Thursday, May 20, 2010

"Endangered" ?

Recently, newsletters went out from the Motion Picture Industry Pension and Health Plan informing participants that the Defined Benefit Plan (one of two pensions in the Trust) have fallen into the "Endangered" category.

I've gotten numerous questions about it from people working at various studios, but what does "Endangered" mean exactly? ...

In 2006 the Feds passed "The Pension Protection Act of 2006" stipulating that private pension plans meet certain benchmarks, to wit:

1) If a Pension Plan has 80% (or higher) funding, it's "Healthy" (The Green Zone.)

2) If a Plan has lower than 80% funding, it's "Endangered." (The Yellow Zone.)

3) If a Plan has 60% (or lower) funding, it's "Critical" (The Red Zone.)

Simple enough. So what's with the Motion Picture Industry Pension Plan? From the latest newsletter:

As of January 1, 2010, Plan funding was at 79.2% ...

In other words, funding is eight tenths of a percent out of the Green Zone, and the Plan needs to inform participants of that fact, and take corrective action.

The Pension Protection Act has had good and bad effects on pension plans across the nation. It's got more stringent rules than before (mostly good), and requires corporate plans to adhere more closely to clearer rules (clearly good), but it's given union and management negotiators less leeway to move dollars around when negotiating collective bargaining agreements because they always have to keep pension funding in mind (sometimes a mixed blessing).

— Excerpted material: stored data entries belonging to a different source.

theorem graph_geodesic_no_interior_peak:
  fixes lvl :: "'v \<Rightarrow> int"
  assumes lvl_bounded: "\<And>x. x \<in> S \<Longrightarrow> m \<le> lvl x"
    and detour: "\<And>a b c. E a b \<Longrightarrow> E b c \<Longrightarrow> lvl a \<le> lvl b \<Longrightarrow> lvl c \<le> lvl b \<Longrightarrow>
        a \<noteq> c \<Longrightarrow> \<not> E a c \<Longrightarrow> \<exists>x\<in>S. E a x \<and> E x c \<and> lvl x < lvl b"
    and "graph_path E S ps"
  obtains qs where "graph_geodesic E S qs" "hd qs = hd ps" "last qs = last ps" "no_interior_peak lvl qs"
proof -
  define weight where "weight qs = (\<Sum>x\<leftarrow>qs. nat (lvl x - m))" for qs
  define admissible where
    "admissible qs \<longleftrightarrow> graph_geodesic E S qs \<and> hd qs = hd ps \<and> last qs = last ps" for qs
  obtain g where "admissible g"
    using graph_geodesic_exists[OF \<open>graph_path E S ps\<close>] unfolding admissible_def by metis
  then obtain qs where adm: "admissible qs"
    and least: "\<And>qs'. admissible qs' \<Longrightarrow> weight qs \<le> weight qs'"
    using ex_has_least_nat[of admissible g weight] by blast
  have "no_interior_peak lvl qs"
    unfolding no_interior_peak_def
  proof (intro allI impI, rule ccontr)
    fix i assume i: "0 < i \<and> Suc i < length qs"
      and peak: "\<not> lvl (qs ! i) < max (lvl (qs ! (i - 1))) (lvl (qs ! Suc i))"
    define pre post where "pre = take (i - 1) qs" and "post = drop (Suc (Suc i)) qs"
    define a b c where "a = qs ! (i - 1)" and "b = qs ! i" and "c = qs ! Suc i"
    have qs: "qs = pre @ [a, b, c] @ post"
      unfolding pre_def post_def a_def b_def c_def using i by (intro nth_window_decomp) auto
    have lvl_ac: "lvl a \<le> lvl b" "lvl c \<le> lvl b"
      using peak unfolding a_def b_def c_def by auto
    have geo: "graph_geodesic E S (pre @ [a, b, c] @ post)"
      using adm unfolding admissible_def qs by blast
    then have abc: "E a b" "E b c" "a \<in> S" "c \<in> S"
      unfolding graph_geodesic_def graph_path_def by (auto simp: successively_append_iff)
    have "a \<noteq> c"
      using graph_geodesic_splice(1)[OF geo, of "[a]"] abc by (auto simp: graph_path_def)
    moreover have "\<not> E a c"
      using graph_geodesic_splice(1)[OF geo, of "[a, c]"] abc by (auto simp: graph_path_def)
    ultimately obtain x where x: "x \<in> S" "E a x" "E x c" "lvl x < lvl b"
      using detour[OF abc(1,2) lvl_ac] by blast
    have "graph_geodesic E S (pre @ [a, x, c] @ post)"
      using graph_geodesic_splice(2)[OF geo, of "[a, x, c]"] abc x by (simp add: graph_path_def)
    then have "admissible (pre @ [a, x, c] @ post)"
      using adm unfolding admissible_def qs by (cases pre) (simp_all add: last_append)
    moreover have "weight (pre @ [a, x, c] @ post) < weight qs"
      using x lvl_bounded[OF x(1)] unfolding weight_def qs by simp
    ultimately show False
      using least by (simp add: not_le[symmetric])
  qed
  with adm show thesis
    using that unfolding admissible_def by blast
qed

section \<open>The hyperbolic approximation\<close>

lemma HA_path_eq_graph_path: "HA_path Z r V = graph_path (HA_edge Z r V) (HA_verts Z r V)"
  by (auto simp: fun_eq_iff HA_path_def graph_path_def successively_conv_nth)

lemma HA_dist_eq_graph_dist: "HA_dist Z r V = graph_dist (HA_edge Z r V) (HA_verts Z r V)"
  unfolding HA_dist_def graph_dist_def HA_path_eq_graph_path by (intro ext) (rule refl)

lemma GreatestI_int_bounded:
  fixes P :: "int \<Rightarrow> bool"
  assumes "P k" and bounded: "\<And>j. P j \<Longrightarrow> j \<le> b"
  shows "P (Greatest P)"
proof -
  define M where "M = Max {j. P j \<and> k \<le> j}"
  have fin: "finite {j. P j \<and> k \<le> j}"
    by (rule finite_subset[of _ "{k..b}"]) (auto dest: bounded)
  have "M \<in> {j. P j \<and> k \<le> j}"
    unfolding M_def using fin \<open>P k\<close> by (intro Max_in) auto
  moreover have "j \<le> M" if "P j" for j
  proof (cases "k \<le> j")
    case True
    with that show ?thesis
      using Max_ge[OF fin] unfolding M_def by blast
  next
    case False
    with calculation show ?thesis
      by simp
  qed
  ultimately show ?thesis
    using Greatest_equality[of P M] by auto
qed

lemma maximal_separated_covers:
  assumes "maximal_separated Z s A" "z \<in> Z" "0 < s"
  shows "\<exists>a\<in>A. dist z a < s"
proof (rule ccontr)
  assume far: "\<not> ?thesis"
  with assms have "separated s (insert z A)" "insert z A \<subseteq> Z"
    unfolding maximal_separated_def separated_def by (auto simp: dist_commute not_less)
  with assms(1) have "z \<in> A"
    unfolding maximal_separated_def by blast
  with far \<open>0 < s\<close> show False by force
qed

lemma separated_subsingleton:
  assumes "separated s A" "A \<subseteq> Z" "bounded Z" "diameter Z < s" "a \<in> A" "b \<in> A"
  shows "a = b"
proof (rule ccontr)
  assume "a \<noteq> b"
  with assms have "s \<le> dist a b"
    unfolding separated_def by blast
  moreover have "dist a b \<le> diameter Z"
    using assms by (intro diameter_bounded_bound) auto
  ultimately show False
    using \<open>diameter Z < s\<close> by simp
qed

lemma HA_ball_subset:
  assumes "dist (snd u) (snd p) + 2 * r powi fst u \<le> 2 * r powi fst p"
  shows "HA_ball Z r u \<subseteq> HA_ball Z r p"
proof
  fix z assume "z \<in> HA_ball Z r u"
  moreover have "dist z (snd p) \<le> dist z (snd u) + dist (snd u) (snd p)"
    by (rule dist_triangle)
  ultimately show "z \<in> HA_ball Z r p"
    using assms unfolding HA_ball_def by auto
qed

lemma HA_ball_subset_cball: "HA_ball Z r u \<subseteq> HA_cball Z r u"
  using closure_subset[of "HA_ball Z r u"] unfolding HA_cball_def by (auto simp: HA_ball_def)

lemma HA_cball_mono: "HA_ball Z r u \<subseteq> HA_ball Z r p \<Longrightarrow> HA_cball Z r u \<subseteq> HA_cball Z r p"
  unfolding HA_cball_def using closure_mono by blast

lemma HA_cball_dist:
  assumes "z \<in> HA_cball Z r u"
  shows "dist z (snd u) \<le> 2 * r powi fst u"
proof -
  have "closure (HA_ball Z r u) \<subseteq> cball (snd u) (2 * r powi fst u)"
    by (rule closure_minimal) (auto simp: HA_ball_def dist_commute)
  with assms show ?thesis
    unfolding HA_cball_def by (auto simp: dist_commute)
qed

lemma HA_cball_overlap_dist:
  assumes "HA_cball Z r u \<inter> HA_cball Z r w \<noteq> {}" "fst u = fst w"
  shows "dist (snd u) (snd w) \<le> 4 * r powi fst u"
proof -
  obtain z where "z \<in> HA_cball Z r u" "z \<in> HA_cball Z r w"
    using assms(1) by blast
  then have "dist z (snd u) \<le> 2 * r powi fst u" "dist z (snd w) \<le> 2 * r powi fst u"
    using HA_cball_dist[of z Z r u] HA_cball_dist[of z Z r w] assms(2) by auto
  moreover have "dist (snd u) (snd w) \<le> dist z (snd u) + dist z (snd w)"
    by (rule dist_triangle3)
  ultimately show ?thesis by linarith
qed

lemma HA_edge_sym: "HA_edge Z r V u w \<Longrightarrow> HA_edge Z r V w u"
  unfolding HA_edge_def by auto

lemma HA_edge_verts: "HA_edge Z r V u w \<Longrightarrow> u \<in> HA_verts Z r V \<and> w \<in> HA_verts Z r V \<and> u \<noteq> w"
  unfolding HA_edge_def by auto

lemma HA_edge_levels:
  "HA_edge Z r V u w \<Longrightarrow> fst u = fst w \<or> fst w = fst u + 1 \<or> fst u = fst w + 1"
  unfolding HA_edge_def by auto

lemma HA_edge_horizontal:
  "HA_edge Z r V u w \<Longrightarrow> fst u = fst w \<Longrightarrow> HA_cball Z r u \<inter> HA_cball Z r w \<noteq> {}"
  unfolding HA_edge_def by auto

lemma HA_edge_radial:
  "HA_edge Z r V u w \<Longrightarrow> fst w = fst u + 1 \<Longrightarrow> HA_ball Z r w \<subseteq> HA_ball Z r u"
  unfolding HA_edge_def by auto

According the the MPIPHP's acountants and financial advisors, the Defined Benefit Plan's funding is projected to return to green territory within the next couple of years. And the other Motion Picture Industry pension plan, the Individual Account Plan, is not "endangered" at all. The money in each account will remain there until participants reach retirement age and claim it.

4 comments:

Anonymous said...

good info. thank you.

Anonymous said...

Big piles of money always have the largest and most important votes in negotiations. The rest is window dressing.

Anonymous said...

The bottom line seems to be that our Defined Benefit Plan is just fine. Thank you for the clarification. I'm not losing any sleep over it.

Anonymous said...

Our Defined Benefit Plan does not operate in a vacuum. People assume that in times like these, the money just keeps conservative positions and rides the storm out, which couldn't be more from the truth. Looking at the bond market last week, it appears that all assets are in for more very bad storms as sovereign debt sours and private investment dries up. It all goes down together. In effect, ALL investments are endangered, the bigger the pile of money, the more exposure. I seriously doubt if our pile of money will able to distribute health and pension benefits at the same level as we enter this extended period of stagnant wages and productivity.